text \<open>
  Every point of the circle of D lies in some illuminated arc I_k, i.e. in the interior of the
  set of points whose ray returns after one reflection on the arc k. Rotating \<theta> about the
  centre of D away from such a point \<theta>0 moves the foot of the returning ray continuously along
  the arc, and the reflection law at that foot, for the pair of rays to \<theta>0 and to \<theta>, fails
  with opposite signs for small positive and negative rotation angles. By the intermediate
  value theorem every \<theta> close to \<theta>0 is therefore reached from \<theta>0 by one reflection on the
  arc (a bounce). The equivalence relation generated by bounces thus has open classes on the
  connected circle, so its two points on the horizontal axis are joined by a finite chain of
  bounces. Adding the horizontal segments from (0, 0) and to (L, 0) gives the admissible path;
  these avoid the corners because, by the dispersing condition, no arc passes through the centre
  of an opening.
\<close>

section \<open>Rotations, reflections and radial projections in the plane\<close>

definition cross :: "pt \<Rightarrow> pt \<Rightarrow> real" where
  "cross u v = fst u * snd v - snd u * fst v"

lemma cross_scaleR_left [simp]: "cross (c *\<^sub>R u) v = c * cross u v"
  and cross_scaleR_right [simp]: "cross u (c *\<^sub>R v) = c * cross u v"
  and cross_add_right: "cross u (v + w) = cross u v + cross u w"
  and cross_diff_right: "cross u (v - w) = cross u v - cross u w"
  and cross_self [simp]: "cross u u = 0"
  by (simp_all add: cross_def algebra_simps)

lemma cross_eq_0_imp_parallel:
  assumes "n \<noteq> 0" "cross n w = 0"
  shows "w = ((w \<bullet> n) / (n \<bullet> n)) *\<^sub>R n"
proof -
  obtain n1 n2 w1 w2 where nw: "n = (n1, n2)" "w = (w1, w2)" by (cases n, cases w)
  have h: "n1 * w2 - n2 * w1 = 0" using assms(2) by (simp add: cross_def nw)
  have "0 < n \<bullet> n" using assms(1) by simp
  then have N: "0 < n1 * n1 + n2 * n2" by (simp add: nw)
  have "w1 * (n1 * n1 + n2 * n2) = (w1 * n1 + w2 * n2) * n1"
    and "w2 * (n1 * n1 + n2 * n2) = (w1 * n1 + w2 * n2) * n2"
    using h by algebra+
  then have "w1 = (w1 * n1 + w2 * n2) / (n1 * n1 + n2 * n2) * n1"
    and "w2 = (w1 * n1 + w2 * n2) / (n1 * n1 + n2 * n2) * n2"
    using N by (auto simp: divide_simps)
  then show ?thesis by (simp add: nw)
qed

definition rotate :: "real \<Rightarrow> pt \<Rightarrow> pt" where
  "rotate t v = (cos t * fst v - sin t * snd v, sin t * fst v + cos t * snd v)"

lemma rotate_0 [simp]: "rotate 0 v = v"
  by (simp add: rotate_def)

lemma norm_rotate [simp]: "norm (rotate t v) = norm v"
proof -
  have "(cos t * fst v - sin t * snd v)\<^sup>2 + (sin t * fst v + cos t * snd v)\<^sup>2
      = ((sin t)\<^sup>2 + (cos t)\<^sup>2) * ((fst v)\<^sup>2 + (snd v)\<^sup>2)"
    by algebra
  then show ?thesis by (simp add: rotate_def norm_Pair norm_prod_def)
qed

lemma continuous_rotate [continuous_intros]: "isCont (\<lambda>t. rotate t v) t"
  unfolding rotate_def by (intro continuous_intros)

lemma inner_rotate: "d \<bullet> rotate t v = cos t * (d \<bullet> v) + sin t * cross v d"
  by (simp add: rotate_def cross_def inner_prod_def algebra_simps)

lemma cross_rotate_diff:
  "cross (rotate t v - d) (v - d) = (1 - cos t) * cross v d + sin t * (v \<bullet> (d - v))"
  by (simp add: rotate_def cross_def inner_prod_def algebra_simps)

lemma reflect_scaleR: "reflect w (c *\<^sub>R v) = c *\<^sub>R reflect w v"
  by (simp add: reflect_def algebra_simps)

lemma reflect_reflect:
  assumes "w \<noteq> 0" shows "reflect w (reflect w v) = v"
  using assms by (simp add: reflect_def inner_diff_left algebra_simps)

lemma reflect_antiparallel_imp_parallel:
  assumes "0 < s" "- v = s *\<^sub>R reflect w v"
  shows "\<exists>\<kappa>. v = \<kappa> *\<^sub>R w"
proof -
  define m where "m = s * (2 * (v \<bullet> w) / (w \<bullet> w))"
  have "(1 + s) *\<^sub>R v = m *\<^sub>R w"
    using assms(2) unfolding reflect_def m_def by (simp add: algebra_simps)
  then have "(1 / (1 + s)) *\<^sub>R ((1 + s) *\<^sub>R v) = (m / (1 + s)) *\<^sub>R w" by simp
  then have "v = (m / (1 + s)) *\<^sub>R w" using assms(1) by simp
  then show ?thesis ..
qed

definition radial_proj :: "pt \<Rightarrow> real \<Rightarrow> pt \<Rightarrow> pt" where
  "radial_proj c \<rho> x = c + (\<rho> / dist x c) *\<^sub>R (x - c)"

lemma dist_radial_proj:
  assumes "x \<noteq> c" "0 \<le> \<rho>" shows "dist (radial_proj c \<rho> x) c = \<rho>"
  using assms by (simp add: radial_proj_def dist_norm)

lemma radial_proj_minus:
  "radial_proj c \<rho> x - x = (1 - \<rho> / dist x c) *\<^sub>R (c - x)"
  by (simp add: radial_proj_def algebra_simps)

lemma radial_proj_inner_pos:
  assumes "0 < \<rho>" "\<rho> < dist x c"
  shows "0 < (x - radial_proj c \<rho> x) \<bullet> (radial_proj c \<rho> x - c)"
proof -
  define \<kappa> where "\<kappa> = \<rho> / dist x c"
  have "0 < dist x c" using assms by linarith
  then have "0 < \<kappa>" "\<kappa> < 1" "x \<noteq> c"
    using assms by (auto simp: \<kappa>_def field_simps)
  have "x - radial_proj c \<rho> x = (1 - \<kappa>) *\<^sub>R (x - c)"
    using radial_proj_minus[of c \<rho> x] by (simp add: \<kappa>_def algebra_simps)
  moreover have "radial_proj c \<rho> x - c = \<kappa> *\<^sub>R (x - c)"
    by (simp add: radial_proj_def \<kappa>_def)
  ultimately have "(x - radial_proj c \<rho> x) \<bullet> (radial_proj c \<rho> x - c)
      = ((1 - \<kappa>) * \<kappa>) * ((x - c) \<bullet> (x - c))"
    by simp
  also have "\<dots> > 0"
    using \<open>0 < \<kappa>\<close> \<open>\<kappa> < 1\<close> \<open>x \<noteq> c\<close> by (intro mult_pos_pos) auto
  finally show ?thesis .
qed

lemma isCont_radial_proj [continuous_intros]:
  assumes "isCont f t" "f t \<noteq> c"
  shows "isCont (\<lambda>t. radial_proj c \<rho> (f t)) t"
  using assms unfolding radial_proj_def by (intro continuous_intros) auto

text \<open>For a point z on a circle with centre c, this is the sine of the angle between the
  outward normal z - c and the ray from z towards \<theta>, scaled by the radius.\<close>
definition normal_sine :: "pt \<Rightarrow> pt \<Rightarrow> pt \<Rightarrow> real" where
  "normal_sine c z \<theta> = cross (z - c) (\<theta> - z) / norm (\<theta> - z)"

lemma normal_sine_radial_proj:
  "normal_sine c (radial_proj c \<rho> x) \<theta>
     = \<rho> / dist x c / norm (\<theta> - radial_proj c \<rho> x) * cross (x - c) (\<theta> - c)"
proof -
  have e: "radial_proj c \<rho> x - c = (\<rho> / dist x c) *\<^sub>R (x - c)"
    "\<theta> - radial_proj c \<rho> x = (\<theta> - c) - (\<rho> / dist x c) *\<^sub>R (x - c)"
    by (simp_all add: radial_proj_def algebra_simps)
  have "cross (radial_proj c \<rho> x - c) (\<theta> - radial_proj c \<rho> x)
      = \<rho> / dist x c * cross (x - c) (\<theta> - c)"
    unfolding e by (simp add: cross_diff_right right_diff_distrib diff_divide_distrib)
  then show ?thesis by (simp add: normal_sine_def)
qed

lemma normal_sine_rotated:
  fixes c c0 v :: pt
  assumes "0 < \<rho>" "c0 + rotate t v \<noteq> c" "c0 + v \<noteq> radial_proj c \<rho> (c0 + rotate t v)"
  shows "\<exists>\<kappa>>0. normal_sine c (radial_proj c \<rho> (c0 + rotate t v)) (c0 + v)
      = \<kappa> * ((1 - cos t) * cross v (c - c0) + sin t * (v \<bullet> (c - c0 - v)))"
proof -
  have "cross (c0 + rotate t v - c) (c0 + v - c) = cross (rotate t v - (c - c0)) (v - (c - c0))"
    by (simp add: algebra_simps)
  also have "\<dots> = (1 - cos t) * cross v (c - c0) + sin t * (v \<bullet> (c - c0 - v))"
    by (rule cross_rotate_diff)
  finally show ?thesis
    using assms normal_sine_radial_proj[of c \<rho> "c0 + rotate t v" "c0 + v"]
    by (intro exI[of _ "\<rho> / dist (c0 + rotate t v) c / norm (c0 + v - radial_proj c \<rho> (c0 + rotate t v))"])
      auto
qed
^^^^^^^^^^^^^^^^
▸ **Problem requirements**
The lines to copy are those in the listing that contain the word "points".

▸ **Completed task**
  set of points whose ray returns after one reflection on the arc k. Rotating \<theta> about the
  connected circle, so its two points on the horizontal axis are joined by a finite chain of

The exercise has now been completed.